# Required action
In the listing below, how many lines hold "auto"? Give the number only.

# Exercise data
lemma received_signal_in_X:
  assumes "(j, i) \<in> E"
  shows "Receive (CV i) (csign (smult (\<mu>' j) (\<sigma>' (j, i)))) \<in> X"
proof -
  have ji: "j \<in> V" "i \<in> V"
    using assms edges_subset by auto
  have body: "LabelE (CV j) (CV i) (csign (\<sigma>' (j, i))) \<in> X" "LabelV (CV j) (csign (\<mu>' j)) \<in> X"
    using edge_label_in_X[OF assms] vertex_label_in_X[OF ji(1)] .
  show ?thesis
  proof (cases "\<sigma>' (j, i) = \<mu>' j")
    case True
    then have "{Receive (CV i) CPlus} \<inter> X \<noteq> {}"
      using body ji by (intro positive_rule_fires[OF ground_PC_receive_plus]) auto
    then show ?thesis
      using True by simp
  next
    case False
    then have "{Receive (CV i) CMinus} \<inter> X \<noteq> {}"
      using body ji by (intro positive_rule_fires[OF ground_PC_receive_minus]) auto
    then show ?thesis
      using False smult_neq[of "\<mu>' j"] by auto
  qed
qed
lemma warp_eq_sin_cos:
  assumes "x \<le> r"
  shows "A x = sin x" "A' x = cos x"
proof -
  let ?D = "\<lambda>y. (A y - sin y)\<^sup>2 + (A' y - cos y)\<^sup>2"
  have const: "?D y = ?D (min x 0)" if "min x 0 \<le> y" "y \<le> r" for y
  proof (rule DERIV_isconst2[OF _ _ _ that])
    show "min x 0 < r" "continuous_on {min x 0..r} ?D"
      using r_pos continuous_warpA warpA_ode(4) by (auto intro!: continuous_intros intro: continuous_on_subset)
    fix y assume "min x 0 < y" "y < r"
    then have A'': "(A' has_real_derivative - K y * A y) (at y)"
      by (intro warpA_ode(5)) simp
    have "(?D has_real_derivative
        2 * (A y - sin y) * (A' y - cos y) + 2 * (A' y - cos y) * (- K y * A y + sin y)) (at y)"
      by (rule derivative_eq_intros warpA_ode(3) A'' refl | simp add: algebra_simps)+
    then show "(?D has_real_derivative 0) (at y)"
      using Kpar_eq_1[of y] \<open>y < r\<close> by (simp add: algebra_simps)
  qed
  have "?D x = 0"
    using const[of x] const[of 0] assms r_pos warpA_ode(1,2) by simp
  then show "A x = sin x" "A' x = cos x"
    by (simp_all add: sum_power2_eq_zero_iff)
qed

lemma cos_r_gt: "1/2 < cos r"
  using cos_monotone_0_pi[of r "pi / 3"] r_pos r_small by (simp add: cos_60)
lemma pos_homogeneous_0_roots:
  fixes s :: "real \<Rightarrow> 'u::ab_group_add \<Rightarrow> 'u"
  assumes "setting s T p" "pos_homogeneous s 0 T"
  shows "(poly p 1 \<noteq> 0 \<longrightarrow> (\<forall>c. c \<ge> 0 \<and> is_eigenvalue s T c \<longrightarrow> c = 0)) \<and> poly p 0 = 0"
proof -
  interpret vector_space s using assms(1) by (simp add: setting_def)
  note mp = setting_minimal_poly[OF assms(1)]
  have inv: "T (s b u) = T u" if "b > 0" for b u
    using assms(2) that by (simp add: pos_homogeneous_def)
  obtain v :: 'u where "v \<noteq> 0" using setting_nontrivial[OF assms(1)] by blast
  then have "poly p 0 = 0"
    by (rule minimal_poly_root_zero_of_invariant[OF mp _ _ inv[of 2 v]]) simp_all
  moreover have "c = 0" if "poly p 1 \<noteq> 0" "c \<ge> 0" "is_eigenvalue s T c" for c
  proof (rule ccontr)
    assume "c \<noteq> 0"
    with \<open>c \<ge> 0\<close> have "\<And>u. T (s c u) = T u" by (simp add: inv)
    with that(1,3) \<open>c \<noteq> 0\<close> show False
      using minimal_poly_root_one_of_invariant_eigenvalue[OF mp] by blast
  qed
  ultimately show ?thesis by blast
qed

theorem mainTheorem18:
  shows
  \<comment> \<open>(1)\<close>
  "(\<forall>(s :: 'f::field \<Rightarrow> 'v::ab_group_add \<Rightarrow> 'v) T p \<gamma>.
      setting s T p \<and> nilpotent_map T \<and> homogeneous s \<gamma> T \<longrightarrow>
      (\<forall>c. is_eigenvalue s T c \<longleftrightarrow> c = 0) \<and> (\<forall>x. poly p x = 0 \<longleftrightarrow> x = 0))
 \<and> (\<forall>(s :: 'r::real_normed_field \<Rightarrow> 'w::ab_group_add \<Rightarrow> 'w) T p \<gamma>.
      setting s T p \<and> nilpotent_map T \<and> \<gamma> \<ge> 0 \<and> abs_homogeneous s \<gamma> T \<longrightarrow>
      (\<forall>c. is_eigenvalue s T c \<longleftrightarrow> c = 0) \<and> (\<forall>x. poly p x = 0 \<longleftrightarrow> x = 0))
  \<comment> \<open>(2)\<close>
 \<and> (\<forall>(s :: 'f \<Rightarrow> 'v \<Rightarrow> 'v) T p \<gamma>.
      setting s T p \<and> \<not> nilpotent_map T \<and> infinite (UNIV :: 'f set) \<and> \<gamma> \<notin> {0, 1} \<longrightarrow>
      \<not> homogeneous s \<gamma> T)
 \<and> (\<forall>(s :: 'r \<Rightarrow> 'w \<Rightarrow> 'w) T p \<gamma>.
      setting s T p \<and> \<not> nilpotent_map T \<and> \<gamma> \<ge> 0 \<and> \<gamma> \<notin> {0, 1} \<longrightarrow>
      \<not> abs_homogeneous s \<gamma> T)
 \<and> (\<forall>(s :: real \<Rightarrow> 'u::ab_group_add \<Rightarrow> 'u) T p \<gamma>.
      setting s T p \<and> \<not> nilpotent_map T \<and> \<gamma> \<ge> 0 \<and> \<gamma> \<notin> {0, 1} \<longrightarrow>
      \<not> pos_homogeneous s \<gamma> T)
  \<comment> \<open>(3)\<close>
 \<and> (\<forall>(s :: 'f \<Rightarrow> 'v \<Rightarrow> 'v) T p.
      setting s T p \<and> homogeneous s 1 T \<and> (infinite (UNIV :: 'f set) \<or> card (UNIV :: 'f set) > 2) \<longrightarrow>
      (\<forall>c. is_eigenvalue s T c \<longrightarrow> poly p c = 0))
 \<and> (\<forall>(s :: 'r \<Rightarrow> 'w \<Rightarrow> 'w) T p.
      setting s T p \<and> abs_homogeneous s 1 T \<longrightarrow>
      poly p 0 = 0 \<and> (\<forall>c. is_eigenvalue s T c \<longrightarrow> poly p (of_real (norm c)) = 0))
  \<comment> \<open>(4)\<close>
 \<and> (\<forall>(s :: 'f \<Rightarrow> 'v \<Rightarrow> 'v) T p.
      setting s T p \<and> homogeneous s 0 T \<longrightarrow>
      (poly p 1 \<noteq> 0 \<longrightarrow> (\<forall>c. is_eigenvalue s T c \<longrightarrow> c = 0)) \<and>
      (card (UNIV :: 'f set) \<noteq> 2 \<longrightarrow> poly p 0 = 0))
 \<and> (\<forall>(s :: 'r \<Rightarrow> 'w \<Rightarrow> 'w) T p.
      setting s T p \<and> abs_homogeneous s 0 T \<longrightarrow>
      (poly p 1 \<noteq> 0 \<longrightarrow> (\<forall>c. is_eigenvalue s T c \<longrightarrow> c = 0)) \<and> poly p 0 = 0)
 \<and> (\<forall>(s :: real \<Rightarrow> 'u \<Rightarrow> 'u) T p.
      setting s T p \<and> pos_homogeneous s 0 T \<longrightarrow>
      (poly p 1 \<noteq> 0 \<longrightarrow> (\<forall>c. c \<ge> 0 \<and> is_eigenvalue s T c \<longrightarrow> c = 0)) \<and> poly p 0 = 0)"
  apply (intro conjI)
  subgoal using nilpotent_homogeneous_spectrum by blast
  subgoal using nilpotent_abs_homogeneous_spectrum by blast
  subgoal using homogeneous_imp_nilpotent by blast
  subgoal using abs_homogeneous_imp_nilpotent by blast
  subgoal using pos_homogeneous_imp_nilpotent by blast
  subgoal by (auto intro: homogeneous_1_eigenvalue_root)
  subgoal using abs_homogeneous_1_roots by blast
  subgoal using homogeneous_0_roots by blast
  subgoal using abs_homogeneous_0_roots by blast
  subgoal using pos_homogeneous_0_roots by blast
  done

# Solved problem
6